Calculating chi-squared, with one degree of freedom, and ignoring Yates' correction, I get a test statistic of 7.11, which has a probability of less than 0.01. This means that there is less than one chance in 100 that your results could have come from a population of people who simply named the stouts at random.

Culchie

goddam ... this thread keeps bringing back to the mathematics forum (20 years too late my mother would say!!!) and I know nothing about it!!

Are all the contestants male? Any breakdown on this?

cavedave

Culchie
goddam ... this thread keeps bringing back to the mathematics forum

Sorry I should have said this earlier. There is a write up on the test here.

If theres anything I have not explained right or if you have any ideas for other tests please reply.

Teg Veece

Interesting thread.

I'd like to see how giving people the option of using the same Stout name to identify more than one of the stouts would influence the results. Would this remove correlation between the pints? At the moment, unless the test subject knows all stouts then the highest they can score is 2/4 which would seem to skew the results.

So someone could say Guinness, Guiness, O'Hara, Murphys if they are 50:50 on the first two drinks.

Similarly, someone could say Guinness, Guiness,Guinness, Guiness if they have absolutely no idea and get 1/4 correct which is what you'd expect on the law of averages.

Not too sure if this would improve the accuracy of the test.
Any opinions?

Grudaire

Teg Veece wrote: »

Interesting thread.

I'd like to see how giving people the option of using the same Stout name to identify more than one of the stouts would influence the results. Would this remove correlation between the pints?

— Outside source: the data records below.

lemma gamma_span_mult_left: "x \<in> gamma_span k \<Longrightarrow> r * x \<in> gamma_span k"
proof (induction r)
  case 0
  then show ?case by (simp add: gamma_span_0)
next
  case (pCons q r)
  have "pCons q r * x = [:q:] * x + gamma * (r * x)"
    by (simp add: gamma_def algebra_simps)
  then show ?case
    using pCons by (metis gamma_span_add gamma_span_const_mult gamma_mult_gamma_span)
qed

lemma Jm_even_eq_gamma_span: "Jm (2 * k) = gamma_span k"
proof
  show "gamma_span k \<subseteq> Jm (2 * k)"
  proof
    fix x assume "x \<in> gamma_span k"
    then obtain a b where x: "x = (\<Sum>j<k. [:a j:] * gamma^j * zeta_even (k - j)) + b * gamma^k"
      unfolding gamma_span_iff by blast
    have "(\<Sum>j<k. [:a j:] * gamma^j * zeta_even (k - j)) \<in> Jm (2 * k)"
      by (rule Jm_sum) (metis mult.assoc Jm_mult_left gamma_power_mult_zeta_even_in_Jm)
    moreover have "b * gamma^k = b * (gamma^k * zeta_even (k - k))"
      by (simp add: zeta_even_def)
    then have "b * gamma^k \<in> Jm (2 * k)"
      using gamma_power_mult_zeta_even_in_Jm Jm_mult_left by metis
    ultimately show "x \<in> Jm (2 * k)" by (simp add: x Jm_add)
  qed
  show "Jm (2 * k) \<subseteq> gamma_span k"
  proof
    fix x assume "x \<in> Jm (2 * k)"
    then obtain a b c where x: "x = a * zeta_even k + b * zeta_odd k + c * zeta_even (Suc k)"
      unfolding Jm_iff zeta_even_def zeta_odd_def by (auto simp: mult_2)
    have "zeta_even k \<in> gamma_span k"
      using gamma_span_term[of 1 0 k] by simp
    moreover have "zeta_odd k = [:X:] * gamma^0 * zeta_even (k - 0)
        + [:of_nat (mu (2 * k)):] * gamma^1 * zeta_even (k - 1)"
      by (simp add: zeta_odd_eq alpha_eq of_nat_cpoly2 of_nat_poly)
    then have "zeta_odd k \<in> gamma_span k"
      by (simp only: gamma_span_add gamma_span_term)
    moreover have "zeta_even (Suc k) \<in> gamma_span k"
      unfolding zeta_even_Suc_rec[of k]
      using gamma_span_term[of _ 0 k] gamma_span_term[of _ 1 k] gamma_span_term[of _ 2 k]
      by (simp add: gamma_span_add mult.assoc)
    ultimately show "x \<in> gamma_span k"
      unfolding x by (simp only: gamma_span_add gamma_span_mult_left)
  qed
qed

section \<open>Normal forms modulo \<open>Jm (2 * k)\<close>\<close>

lemma gamma_power_eq_monom: "gamma ^ i = monom 1 i"
proof -
  have "gamma = monom 1 1" by (simp add: gamma_def monom_Suc)
  then have "gamma ^ i = monom 1 1 ^ i" by simp
  then show ?thesis by (simp add: monom_power)
qed

lemma coeff_gamma_power_mult: "coeff (gamma ^ i * p) j = (if j < i then 0 else coeff p (j - i))"
  by (simp add: gamma_power_eq_monom coeff_monom_mult)

definition zeta_base :: "nat \<Rightarrow> complex poly" where
  "zeta_base m = (\<Prod>i<m. X^2 - of_nat (kappa i))"

lemma coeff_zeta_even_0: "coeff (zeta_even m) 0 = zeta_base m"
proof (induction m)
  case 0
  then show ?case by (simp add: zeta_even_def zeta_base_def)
next
  case (Suc m)
  have "coeff (zeta_even (Suc m)) 0 = (X^2 - of_nat (kappa m)) * coeff (zeta_even m) 0"
    unfolding zeta_even_Suc_rec[of m] by (simp add: coeff_mult_0 gamma_def power2_eq_square)
  then show ?case using Suc by (simp add: zeta_base_def mult.commute)
qed

lemma coeff_zeta_odd_0: "coeff (zeta_odd m) 0 = X * zeta_base m"
  by (simp add: zeta_odd_eq coeff_mult_0 gamma_def alpha_eq coeff_zeta_even_0)

lemma zeta_base_Suc: "zeta_base (Suc m) = (X^2 - of_nat (kappa m)) * zeta_base m"
  by (simp add: zeta_base_def)

lemma zeta_base_nonzero: "zeta_base m \<noteq> 0"
  and degree_zeta_base: "degree (zeta_base m) = 2 * m"
proof -
  have quad: "X^2 - of_nat c = [:- of_nat c, 0, 1:]" for c
    by (simp add: power2_eq_square of_nat_poly)
  show "zeta_base m \<noteq> 0"
    by (simp add: zeta_base_def quad)
  show "degree (zeta_base m) = 2 * m"
    by (simp add: zeta_base_def quad degree_prod_eq_sum_degree)
qed

definition reduced :: "nat \<Rightarrow> cpoly2 \<Rightarrow> bool" where
  "reduced k s \<longleftrightarrow> (\<forall>j\<ge>k. coeff s j = 0) \<and> (\<forall>j<k. degree (coeff s j) < 2 * (k - j))"

lemma coeff_gamma_span_elem:
  assumes "j < k" "\<forall>i<j. a i = 0"
  shows "coeff ((\<Sum>i<k. [:a i:] * gamma^i * zeta_even (k - i)) + b * gamma^k) j
    = a j * zeta_base (k - j)"
proof -
  have "coeff ([:a i:] * gamma^i * zeta_even (k - i)) j
      = (if i = j then a j * zeta_base (k - j) else 0)" for i
    using assms(2) by (auto simp: mult.assoc coeff_gamma_power_mult coeff_zeta_even_0)
  moreover have "coeff (b * gamma^k) j = 0"
    using assms(1) by (subst mult.commute) (simp add: coeff_gamma_power_mult)
  ultimately show ?thesis
    using assms(1) by (simp add: coeff_sum)
qed

lemma gamma_span_reduced_eq_0:
  assumes "x \<in> gamma_span k" "reduced k x"
  shows "x = 0"
proof -
  obtain a b where x: "x = (\<Sum>i<k. [:a i:] * gamma^i * zeta_even (k - i)) + b * gamma^k"
    using assms(1) unfolding gamma_span_iff by blast
  have a0: "\<forall>i<j. a i = 0" if "j \<le> k" for j
    using that
  proof (induction j)
    case (Suc j)
    then have IH: "\<forall>i<j. a i = 0" and "j < k" by simp_all
    have "a j = 0"
    proof (rule ccontr)
      assume "a j \<noteq> 0"
      have "coeff x j = a j * zeta_base (k - j)"
        using coeff_gamma_span_elem[OF \<open>j < k\<close> IH] x by simp
      then have "degree (coeff x j) = degree (a j) + 2 * (k - j)"
        using \<open>a j \<noteq> 0\<close> zeta_base_nonzero by (simp add: degree_mult_eq degree_zeta_base)
      moreover have "degree (coeff x j) < 2 * (k - j)"
        using assms(2) \<open>j < k\<close> by (simp add: reduced_def)
      ultimately show False by simp
    qed
    then show ?case using IH by (auto simp: less_Suc_eq)
  qed simp
  then have "x = gamma^k * b" using a0[of k] by (simp add: x mult.commute)
  then have "coeff x j = 0" for j
    using assms(2) by (auto simp: reduced_def coeff_gamma_power_mult not_le)
  then show ?thesis by (simp add: poly_eq_iff)
qed

lemma Jm_even_reduced_eq_0: "x \<in> Jm (2 * k) \<Longrightarrow> reduced k x \<Longrightarrow> x = 0"
  using gamma_span_reduced_eq_0 by (simp add: Jm_even_eq_gamma_span)

lemma zeta_base_dvd_coeff_0_Jm_even:
  assumes "x \<in> Jm (2 * k)"
  shows "zeta_base k dvd coeff x 0"
proof (cases k)
  case (Suc m)
  obtain a b where "x = (\<Sum>i<k. [:a i:] * gamma^i * zeta_even (k - i)) + b * gamma^k"
    using assms unfolding Jm_even_eq_gamma_span gamma_span_iff by blast
  then have "coeff x 0 = a 0 * zeta_base k"
    using coeff_gamma_span_elem[of 0 k a b] Suc by simp
  then show ?thesis by simp
qed (simp add: zeta_base_def)

lemma Jm_even_gamma_cancel:
  assumes "gamma * y \<in> Jm (2 * Suc k)"
  shows "y \<in> Jm (2 * k)"
proof -
  obtain a b where gy: "gamma * y
      = (\<Sum>i<Suc k. [:a i:] * gamma^i * zeta_even (Suc k - i)) + b * gamma^(Suc k)"
    using assms unfolding Jm_even_eq_gamma_span gamma_span_iff by blast
  have "a 0 * zeta_base (Suc k) = coeff (gamma * y) 0"
    using coeff_gamma_span_elem[of 0 "Suc k" a b] gy by simp
  also have "\<dots> = 0" by (simp add: gamma_def)
  finally have "a 0 = 0" using zeta_base_nonzero by simp
  then have "gamma * y = gamma * ((\<Sum>i<k. [:a (Suc i):] * gamma^i * zeta_even (k - i)) + b * gamma^k)"
    unfolding gy sum.lessThan_Suc_shift by (simp add: sum_distrib_left algebra_simps)
  then have "y = (\<Sum>i<k. [:a (Suc i):] * gamma^i * zeta_even (k - i)) + b * gamma^k"
    by (simp add: gamma_def)
  then show ?thesis
    unfolding Jm_even_eq_gamma_span gamma_span_iff by (intro exI[of _ "\<lambda>i. a (Suc i)"] exI[of _ b])
qed

text \<open>Division with remainder by \<open>zeta_base (k - j)\<close>, one \<open>gamma\<close>-degree \<open>j\<close> at a time.\<close>

lemma Jm_even_reduce_low_degrees:
  "j \<le> k \<Longrightarrow> \<exists>s. (\<forall>i<j. degree (coeff s i) < 2 * (k - i)) \<and> p - s \<in> Jm (2 * k)"
proof (induction j)
  case 0
  then show ?case by (auto intro!: exI[of _ p] simp: Jm_0)
next
  case (Suc j)
  then obtain s where s: "\<forall>i<j. degree (coeff s i) < 2 * (k - i)" "p - s \<in> Jm (2 * k)"
    by auto
  have jk: "j < k" using Suc.prems by simp
  define q where "q = coeff s j div zeta_base (k - j)"
  define s' where "s' = s - [:q:] * gamma^j * zeta_even (k - j)"
  have cs': "coeff s' i = coeff s i - (if i < j then 0 else q * coeff (zeta_even (k - j)) (i - j))" for i
    by (simp add: s'_def mult.assoc coeff_gamma_power_mult)
  have "degree (coeff s' i) < 2 * (k - i)" if "i < Suc j" for i
  proof (cases "i < j")
    case True
    then show ?thesis using s(1) cs' by simp
  next
    case False
    then have "i = j" using that by simp
    have "coeff s' j = coeff s j mod zeta_base (k - j)"
      using cs'[of j]
      by (simp add: q_def coeff_zeta_even_0 minus_div_mult_eq_mod [symmetric] mult.commute)
    then show ?thesis
      using \<open>i = j\<close> jk zeta_base_nonzero degree_zeta_base degree_mod_less[of "zeta_base (k - j)" "coeff s j"]
      by (cases "coeff s j mod zeta_base (k - j) = 0") auto
  qed
  moreover have "p - s' = (p - s) + [:q:] * (gamma^j * zeta_even (k - j))"
    by (simp add: s'_def algebra_simps)
  then have "p - s' \<in> Jm (2 * k)"
    by (metis s(2) Jm_add Jm_mult_left gamma_power_mult_zeta_even_in_Jm)
  ultimately show ?case by blast
qed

At the moment, unless the test subject knows all stouts then the highest they can score is 2/4 which would seem to skew the results.

So someone could say Guinness, Guiness, O'Hara, Murphys if they are 50:50 on the first two drinks.

Similarly, someone could say Guinness, Guiness,Guinness, Guiness if they have absolutely no idea and get 1/4 correct which is what you'd expect on the law of averages.

Not too sure if this would improve the accuracy of the test.
Any opinions?

You make a valid point, as you are treating it as one test a persons opinion on one drink affects his/her opinion on the next..

cavedave

Teg Veece

At the moment, unless the test subject knows all stouts then the highest they can score is 2/4 which would seem to skew the results.

? They could still get 4/4 it is just not likely.